Clinical significances of JAK2 V617F gene mutation status and burden in BCR-ABL-negative myeloproliferative neoplasms
10.3760/cma.j.cn115356-20200620-00166
- VernacularTitle:BCR-ABL阴性骨髓增殖性肿瘤JAK2 V617F基因突变状态及负荷的临床意义
- Author:
Hui LIU
;
Jie SHEN
;
Qing WANG
;
Guohong SU
- From:
Journal of Leukemia & Lymphoma
2021;30(1):38-42
- CountryChina
- Language:Chinese
-
Abstract:
Objective:To investigate the effect of JAK2 V617F gene mutation status and burden on BCR-ABL-negative myeloproliferative neoplasms (MPN).Methods:Clinical data of 199 patients with MPN in Cangzhou Central Hospital in Hebei Province from September 2015 to January 2020 were retrospectively analyzed, and the correlations of JAK2 V617F gene mutation burden with clinicopathological features and prognostic score of MPN patients were analyzed.Results:Of the 199 BCR-ABL-negative MPN patients, 138 patients (69.4%) were positive for JAK2 V617F mutation; of these patients, 64 (88.9%) of 72 patients with polycythemia vera (PV) were mutation-positive, 54 (53.5%) of 101 patients with essential thrombocytosis (ET) were positive, 20 (80.0%) of 25 patients with myelofibrosis (MF) were mutation-positive, and 1 patient with hypereosinophilic syndrome (HES) was mutation-positive.
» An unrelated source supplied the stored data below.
(* Let $G$ be a finite simple graph on $[d]$, $k\ge1$, and let $f,g$ be $k$-colorings of $G$. Then $f\sim_k g$ if and only if ${\bf x}_f-{\bf x}_g\in\langle [I_G]_2\rangle$.
   Context: A $k$-coloring of a graph $H$ is a map $f:V(H)\to[k]$ (not necessarily surjective) with $f(u)\neq f(v)$ for every edge. A Kempe switching: for colors $i<j$ and a connected component $C$ of $H[f^{-1}(i)\cup f^{-1}(j)]$, interchange $i$ and $j$ on $C$. $f\sim_k g$ (Kempe equivalent) if $g$ is obtained from $f$ by a finite sequence of Kempe switchings. A stable set of $G$ is a subset of $[d]$ with no edge of $G$ (including $\emptyset$ and singletons); $S(G)$ is the set of stable sets; $R[G]=\mathbb{K}[x_S : S\in S(G)]$ over a field $\mathbb{K}$, all variables of degree $1$. For a $k$-coloring $f$ of an induced subgraph $G[W]$, ${\bf x}_f=\prod_{\ell=1}^k x_{f^{-1}(\ell)}$. The stable set ideal $I_G$ is the kernel of the ring map $\pi:R[G]\to\mathbb{K}[t_1,\dots,t_d,s]$, $\pi(x_S)=s\prod_{j\in S}t_j$; a binomial $x_{S_1}\cdots x_{S_r}-x_{T_1}\cdots x_{T_r}$ lies in $I_G$ iff $S_1\cup\dots\cup S_r=T_1\cup\dots\cup T_r$ as multisets. $\langle [I_G]_2\rangle$ denotes the ideal of $R[G]$ generated by the homogeneous elements of degree $2$ of $I_G$ (equivalently, by the quadratic binomials in $I_G$). *)

theory Defs
  imports "HOL-Library.Poly_Mapping"
begin

definition simple_graph_on :: "nat \<Rightarrow> (nat \<times> nat) set \<Rightarrow> bool" where
  "simple_graph_on d E \<longleftrightarrow> E \<subseteq> {1..d} \<times> {1..d} \<and> sym E \<and> irrefl E"

text \<open>A k-coloring of G (on vertex set {1..d}); values outside the vertex set are fixed to 0
  so that a coloring is determined by its values on the vertices.\<close>
definition coloring :: "nat \<Rightarrow> (nat \<times> nat) set \<Rightarrow> nat \<Rightarrow> (nat \<Rightarrow> nat) \<Rightarrow> bool" where
  "coloring d E k f \<longleftrightarrow> (\<forall>v\<in>{1..d}. f v \<in> {1..k}) \<and> (\<forall>v. v \<notin> {1..d} \<longrightarrow> f v = 0)
      \<and> (\<forall>u v. (u, v) \<in> E \<longrightarrow> f u \<noteq> f v)"

definition component_of :: "(nat \<times> nat) set \<Rightarrow> nat set \<Rightarrow> nat set \<Rightarrow> bool" where
  "component_of E W C \<longleftrightarrow> (\<exists>v\<in>W. C = {u. (v, u) \<in> (E \<inter> (W \<times> W))\<^sup>*})"

definition kempe_switch :: "nat \<Rightarrow> (nat \<times> nat) set \<Rightarrow> nat \<Rightarrow> (nat \<Rightarrow> nat) \<Rightarrow> (nat \<Rightarrow> nat) \<Rightarrow> bool" where
  "kempe_switch d E k f g \<longleftrightarrow> (\<exists>i j C. 1 \<le> i \<and> i < j \<and> j \<le> k \<and>
      component_of E {v\<in>{1..d}. f v = i \<or> f v = j} C \<and>
      g = (\<lambda>v. if v \<in> C then (if f v = i then j else i) else f v))"

definition kempe_equiv :: "nat \<Rightarrow> (nat \<times> nat) set \<Rightarrow> nat \<Rightarrow> (nat \<Rightarrow> nat) \<Rightarrow> (nat \<Rightarrow> nat) \<Rightarrow> bool" where
  "kempe_equiv d E k f g \<longleftrightarrow> (kempe_switch d E k)\<^sup>*\<^sup>* f g"

definition stable_set :: "nat \<Rightarrow> (nat \<times> nat) set \<Rightarrow> nat set \<Rightarrow> bool" where
  "stable_set d E S \<longleftrightarrow> S \<subseteq> {1..d} \<and> (\<forall>u\<in>S. \<forall>v\<in>S. (u, v) \<notin> E)"

text \<open>Polynomials over 'k in variables x_S indexed by sets S (monomials = finitely supported
  exponent functions).\<close>
type_synonym 'k spoly = "(nat set \<Rightarrow>\<^sub>0 nat) \<Rightarrow>\<^sub>0 'k"

definition xvar :: "nat set \<Rightarrow> ('k::comm_ring_1) spoly" where
  "xvar S = Poly_Mapping.single (Poly_Mapping.single S 1) 1"

definition in_RG :: "nat \<Rightarrow> (nat \<times> nat) set \<Rightarrow> ('k::comm_ring_1) spoly \<Rightarrow> bool" where
  "in_RG d E p \<longleftrightarrow> (\<forall>m\<in>Poly_Mapping.keys p. \<forall>S\<in>Poly_Mapping.keys m. stable_set d E S)"

definition xcol :: "nat set \<Rightarrow> nat \<Rightarrow> (nat \<Rightarrow> nat) \<Rightarrow> ('k::comm_ring_1) spoly" where
  "xcol W k f = (\<Prod>l\<in>{1..k}. xvar {v\<in>W. f v = l})"

text \<open>The target ring K[t_1,...,t_d,s]: variables indexed by nat, with s = variable 0 and
  t_j = variable j (1 \<le> j \<le> d).\<close>
type_synonym 'k tpoly = "(nat \<Rightarrow>\<^sub>0 nat) \<Rightarrow>\<^sub>0 'k"

definition tvar :: "nat \<Rightarrow> ('k::comm_ring_1) tpoly" where
  "tvar j = Poly_Mapping.single (Poly_Mapping.single j 1) 1"

definition pi_var :: "nat set \<Rightarrow> ('k::comm_ring_1) tpoly" where
  "pi_var S = tvar 0 * (\<Prod>j\<in>S. tvar j)"

text \<open>The K-algebra map pi with pi(x_S) = s * prod_{j in S} t_j.\<close>
definition pi_map :: "('k::comm_ring_1) spoly \<Rightarrow> 'k tpoly" where
  "pi_map p = (\<Sum>m\<in>Poly_Mapping.keys p. Poly_Mapping.single 0 (Poly_Mapping.lookup p m) * (\<Prod>S\<in>Poly_Mapping.keys m. pi_var S ^ Poly_Mapping.lookup m S))"

definition stable_set_ideal :: "nat \<Rightarrow> (nat \<times> nat) set \<Rightarrow> ('k::comm_ring_1) spoly set" where
  "stable_set_ideal d E = {p. in_RG d E p \<and> pi_map p = 0}"

definition homogeneous_deg :: "nat \<Rightarrow> ('k::comm_ring_1) spoly \<Rightarrow> bool" where
  "homogeneous_deg n p \<longleftrightarrow> (\<forall>m\<in>Poly_Mapping.keys p. (\<Sum>S\<in>Poly_Mapping.keys m. Poly_Mapping.lookup m S) = n)"

definition ideal_RG :: "nat \<Rightarrow> (nat \<times> nat) set \<Rightarrow> ('k::comm_ring_1) spoly set \<Rightarrow> 'k spoly set" where
  "ideal_RG d E B = {q. \<exists>F r. finite F \<and> F \<subseteq> B \<and> (\<forall>b\<in>F. in_RG d E (r b)) \<and> q = (\<Sum>b\<in>F. r b * b)}"

definition quad_ideal :: "nat \<Rightarrow> (nat \<times> nat) set \<Rightarrow> ('k::comm_ring_1) spoly set" where
  "quad_ideal d E = ideal_RG d E {p \<in> stable_set_ideal d E. homogeneous_deg 2 p}"

end

theory Submission
  imports Defs
begin

(*
  The monomial x_f of a coloring has as exponent the multiset of its k color classes. A Kempe
  switch on colors i, j replaces the classes F_i, F_j by two stable sets G_i, G_j covering the
  same vertices, so x_f - x_g is a monomial times the quadratic binomial
  x_{F_i} x_{F_j} - x_{G_i} x_{G_j} of I_G.

  Conversely, let K be the set of monomials reachable from x_f by such exchanges of two stable
  factors. The functional summing the coefficients of the monomials in K vanishes on every
  multiple of a quadratic element of I_G, since two of its monomials with the same image under
  pi differ by an exchange; applied to x_f - x_g it puts x_g into K. An exchange starting at the
  monomial of a coloring is realised by Kempe switches, because two colorings that differ only
  inside two colors are Kempe equivalent (switch the two-colored component of a vertex where they
  differ). Finally, colorings with the same monomial differ by a permutation of the colors, which
  is a product of such recolorings.
*)

section \<open>Kempe switches\<close>

definition differ_only_in_colors :: "nat \<Rightarrow> nat \<Rightarrow> (nat \<Rightarrow> nat) \<Rightarrow> (nat \<Rightarrow> nat) \<Rightarrow> bool" where
  "differ_only_in_colors i j f g \<longleftrightarrow> (\<forall>v. f v \<noteq> g v \<longrightarrow> f v \<in> {i, j} \<and> g v \<in> {i, j})"

definition kempe_swap :: "nat set \<Rightarrow> nat \<Rightarrow> nat \<Rightarrow> (nat \<Rightarrow> nat) \<Rightarrow> nat \<Rightarrow> nat" where
  "kempe_swap C i j f = (\<lambda>v. if v \<in> C then (if f v = i then j else i) else f v)"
About 55.1% (76/138) of patients had a high JAK2 V617F mutation burden. The mutation burden in PV group was the highest, MF was the second, and ET was the lowest; the mutation burdens in these three groups were (73.9±18.3)%, (59.9±25.2)% and (25.0±16.5)%, respectively. Mutation burden was positively correlated with the white blood cell counts of patients with PV, ET and MF ( r values were 0.626, 0.675 and 0.796, all P < 0.01). JAK2 V617F mutation burden was positively correlated with the prognostic scores of patients with PV and ET ( r values were 0.296 and 0.404, both P < 0.05). Conclusion:The JAK2 V617F mutation burden of BCR-ABL-negative MPN patients is related to clinicopathological factors, and the prognosis of patients with high JAK2 V617F mutation burden is poor.